I watched the videotape of last week's NBA melee repeatedly, analyzing it  more closely than the Warren Commission's frame-by-frame examination of the Zapruder tape of the JFK assassination. And I have finally come to understand why white guys love hockey so much. A brawl is so far more compelling than a game. But remember the NHL all but went under despite daily highlights featuring fisticuffs both on and off the ice.
        As an attorney, I can safely say that Ron Artest just put his lawyer into a higher tax bracket. Somebody oughta give the troubled  Indianapolis Pacers star a saliva test. He might be rabid. How else do you explain his instigating, in rapid succession, all three incidents which turned an otherwise unremarkable NBA basketball game into an all-out brawl between his team and dozens of Detroit Pistons fans?

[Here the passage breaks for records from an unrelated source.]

lemma grid_cell_exists:
  fixes N :: nat
  assumes N: "N \<ge> 1" and r: "0 < r" and t: "\<bar>t - \<xi>\<bar> \<le> r"
  obtains j :: int where "- int N \<le> j" "j + 1 \<le> int N"
    "\<xi> + real_of_int j * r / real N \<le> t" "t \<le> \<xi> + real_of_int (j + 1) * r / real N"
proof -
  define y where "y = (t - \<xi>) * real N / r"
  have t_eq: "t = \<xi> + y * r / real N" using N r by (simp add: y_def)
  have "\<bar>t - \<xi>\<bar> * real N \<le> r * real N" using t by (rule mult_right_mono) simp
  then have "\<bar>y\<bar> \<le> real N" using r by (simp add: y_def abs_mult divide_le_eq mult.commute)
  then have y: "- real N \<le> y" "y \<le> real N" by linarith+
  define j where "j = min \<lfloor>y\<rfloor> (int N - 1)"
  have "real_of_int j \<le> y" "y \<le> real_of_int (j + 1)"
    using y by (auto simp: j_def min_def) linarith+
  moreover have "- int N \<le> j" using y N by (simp add: j_def le_floor_iff)
  ultimately show ?thesis
    using N r by (intro that[of j]) (auto simp: j_def t_eq divide_right_mono mult_right_mono)
qed

lemma deviation_between:
  fixes cnt :: "real \<Rightarrow> nat"
  assumes mono: "\<And>s t. s \<le> t \<Longrightarrow> cnt s \<le> cnt t" and order: "s \<le> t" "t \<le> u"
    and dev: "\<bar>real (cnt s) - c - N * (F s - \<alpha>)\<bar> \<le> D" "\<bar>real (cnt u) - c - N * (F u - \<alpha>)\<bar> \<le> D"
    and incr: "N * (F t - F s) \<le> E" "N * (F u - F t) \<le> E"
  shows "\<bar>real (cnt t) - c - N * (F t - \<alpha>)\<bar> \<le> D + E"
  using mono[OF order(1)] mono[OF order(2)] dev incr by (simp add: abs_le_iff algebra_simps)

lemma deviation_from_grid:
  fixes cnt :: "real \<Rightarrow> nat" and N :: nat
  assumes N: "N \<ge> 1" and r: "r > 0"
    and mono: "\<And>s t. s \<le> t \<Longrightarrow> cnt s \<le> cnt t"
    and F_incr: "\<And>s t. \<bar>s - \<xi>\<bar> \<le> r \<Longrightarrow> \<bar>t - \<xi>\<bar> \<le> r \<Longrightarrow> s \<le> t \<Longrightarrow> F t - F s \<le> Mf * (t - s)"
    and grid: "\<And>j. -int N \<le> j \<Longrightarrow> j \<le> int N \<Longrightarrow>
        \<bar>real (cnt (\<xi> + real_of_int j * r / real N)) - real (cnt \<xi>) - real N * (F (\<xi> + real_of_int j * r / real N) - \<alpha>)\<bar> \<le> D"
    and t: "\<bar>t - \<xi>\<bar> \<le> r" and Mf: "Mf \<ge> 0"
  shows "\<bar>real (cnt t) - real (cnt \<xi>) - real N * (F t - \<alpha>)\<bar> \<le> D + Mf * r"
proof -
  obtain j where j: "- int N \<le> j" "j + 1 \<le> int N"
    and cell: "\<xi> + real_of_int j * r / real N \<le> t" "t \<le> \<xi> + real_of_int (j + 1) * r / real N"
    using grid_cell_exists[OF N r t] .
  define s u where "s = \<xi> + real_of_int j * r / real N" and "u = \<xi> + real_of_int (j + 1) * r / real N"
  have near: "\<bar>s - \<xi>\<bar> \<le> r" "\<bar>u - \<xi>\<bar> \<le> r"
    using grid_offset_le[of r j N] grid_offset_le[of r "j + 1" N] j r by (simp_all add: s_def u_def)
  have order: "s \<le> t" "t \<le> u" using cell by (simp_all add: s_def u_def)
  have "u - s = r / real N" by (simp add: s_def u_def add_divide_distrib algebra_simps)
  then have "t - s \<le> r / real N" "u - t \<le> r / real N" using order by linarith+
  then have "real N * (t - s) \<le> r" "real N * (u - t) \<le> r"
    using mult_left_mono[of _ "r / real N" "real N"] N by simp_all
  moreover have "F t - F s \<le> Mf * (t - s)" "F u - F t \<le> Mf * (u - t)"
    using F_incr near t order by simp_all
  ultimately have "real N * (F t - F s) \<le> Mf * r" "real N * (F u - F t) \<le> Mf * r"
    using mult_left_mono[of _ _ "real N"] mult_left_mono[of _ r Mf] Mf
    by (smt (verit, best) mult.left_commute of_nat_0_le_iff)+
  then show ?thesis
    using deviation_between[OF mono order, where c="real (cnt \<xi>)" and N="real N" and D=D] grid[OF j(1)] grid[of "j + 1"] j
    by (simp add: s_def u_def)
qed
(* Let $M$ be a positive integer. Then for each $n\in\{1,\dots,M\}$, $$\operatorname{diag}\Big(\Big(\tfrac{T_i}{T_i-nT/M}\Big)^{\kappa_i}\Big)Z_{nT/M}=\operatorname{diag}\Big(\Big(\tfrac{T_i}{T_i-(n-1)T/M}\Big)^{\kappa_i}\Big)Z_{(n-1)T/M}+\operatorname{diag}(\phi_{n,i})\,m+\varepsilon_{n,Z},$$ where, for $i\in\{1,\dots,N\}$, $$\phi_{n,i}:=\begin{cases}\dfrac{T_i^{\kappa_i}}{\kappa_i-1}\Big(\big(T_i-\tfrac{nT}{M}\big)^{1-\kappa_i}-\big(T_i-\tfrac{(n-1)T}{M}\big)^{1-\kappa_i}\Big),&\kappa_i\in(0,1)\cup(1,\infty),\\[1ex] T_i\ln\Big(\dfrac{T_i-(n-1)T/M}{T_i-nT/M}\Big),&\kappa_i=1,\end{cases}$$ and $\varepsilon_{1,Z},\dots,\varepsilon_{M,Z}$ are independent Gaussian random vectors with zero mean and covariance matrix $\mathbb E(\varepsilon_{n,Z}\varepsilon_{n,Z}^\top)=[c_{ij;n}]_{N\times N}$, where $$c_{ij;n}:=\beta_{ij}\int_{(n-1)T/M}^{nT/M}\Big(\frac{T_i}{T_i-s}\Big)^{\kappa_i}\Big(\frac{T_j}{T_j-s}\Big)^{\kappa_j}ds,$$ and $\beta_{ij}$ is the $(i,j)$ entry of $\Sigma_Z:=\tilde\Sigma_Z\tilde\Sigma_Z^\top=\Sigma_F+\Sigma_S-\Sigma_{FS}-\Sigma_{FS}^\top$.
   Context: Market model: $N\ge1$ is an integer, $r\ge0$ a constant interest rate, $T>0$ the trading horizon, and $T_1,\dots,T_N$ futures maturities with $T<T_i$ for all $i$. On a filtered probability space with Brownian filtration satisfying the usual conditions, $W_t=(W_{t,1},\dots,W_{t,2N})^\top$ is a standard $2N$-dimensional Brownian motion. Let $\tilde\Sigma=[\tilde\sigma_{ij}]$ be a real $2N\times2N$ lower triangular matrix ($\tilde\sigma_{ij}=0$ for $j>i$) and $\Sigma:=\tilde\Sigma\tilde\Sigma^\top=\begin{pmatrix}\Sigma_F&\Sigma_{FS}\\ \Sigma_{FS}^\top&\Sigma_S\end{pmatrix}$ ($N\times N$ blocks), assumed positive definite; $\sigma_{i,F}:=\sqrt{\Sigma_{ii}}$, $\sigma_{i,S}:=\sqrt{\Sigma_{N+i,N+i}}$. Constants $\mu_{i,F},\mu_{i,S},\eta_{i,F},\eta_{i,S}$ satisfy $\eta_{i,F}<\eta_{i,S}$. Futures prices $F_{t,i}$ and spot prices $S_{t,i}$ satisfy $dF_{t,i}=F_{t,i}\big[(\mu_{i,F}+\tfrac{\eta_{i,F}}{T_i-t}Z_{t,i})dt+\sum_{j=1}^{i}\tilde\sigma_{i,j}dW_{t,j}\big]$, $dS_{t,i}=S_{t,i}\big[(\mu_{i,S}+\tfrac{\eta_{i,S}}{T_i-t}Z_{t,i})dt+\sum_{j=1}^{N+i}\tilde\sigma_{N+i,j}dW_{t,j}\big]$, where $Z_{t,i}:=\log(F_{t,i}/S_{t,i})-r(T_i-t)$ and $Z_t=(Z_{t,1},\dots,Z_{t,N})^\top$, $0\le t\le T$. Equivalently $Z$ is the unique solution of $dZ_t=(m-K(t)Z_t)dt+\tilde\Sigma_ZdW_t$, where $\tilde\Sigma_Z:=[I_N,-I_N]\tilde\Sigma$, $m=(m_i)$ with $m_i=r+\mu_{i,F}-\mu_{i,S}-\frac12(\sigma_{i,F}^2-\sigma_{i,S}^2)$, $\kappa_i:=\eta_{i,S}-\eta_{i,F}>0$, $K(t)=\operatorname{diag}(\kappa_i/(T_i-t))$. For a vector $(a_1,\dots,a_N)$, $\operatorname{diag}(a_i)$ denotes the diagonal matrix with these entries. *)

theory Defs
  imports "HOL-Probability.Probability"
begin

        It all started with less than a minute left in a blow-out which Indianapolis was winning, when Artest, instead of trying to rebound a ball, smashed Ben Wallace from behind in the head, knowing full well that Ben's brother, Sam, had died a few weeks ago after a long battle with brain cancer. Ben lost his mom last year and his grandmother  not long before that.
        Wallace, perhaps the Pistons' most admired player and ordinarily a model citizen, reacted by grabbing Artest by the throat for a moment and warning him not to try that bull substance again. Cowardly Ron ran away, hiding behind the refs and curling up in the fetal position with his eyes closed on the scorer's table.
        Then, when a fan threw a beer on him, Artest ignited skirmish number two by running into the stands and flailing at anybody sitting in the general area where the drink came from, including ex-Piston-turned-team broadcaster Rick Mahorn. A few Pacers players joined the free-for-all in the seats, including Jermaine O'Neal, Stephen Jackson, and Fred Jones, who got his ass kicked, by the way.
        As the headhunting Artest made his way back to the court still looking for trouble, he found two trash-talking chubbsy-wubbsies waddling by in Piston's jerseys. Though physically unprovoked, Ron started round three by knocking both of the pear-shaped punks to the ground. And, for good measure, O'Neal sucker-punched one of them again square in the face just as he was struggling to get back on his feet.
        An important question which simply must be asked is, do either of those fatsos have lawyers? If not, will someone please have them contact my office immediately. The same goes for any kids traumatized by observing the mayhem and for any innocent fans who might have been mistakenly beaten by a multi-millionaire in the arena on the night in question. And a legal memo to that elderly lady who was left woozy on the floor: You're rich!
        As for Ron Artest, I'd even be willing to represent you, if you're interested in retaining my services. There’s always the insanity defense. While that might not help with the lengthy suspension or all the civil lawsuits you're certain to be slapped with, I do have some good news. I just saved a lot of money on car insurance.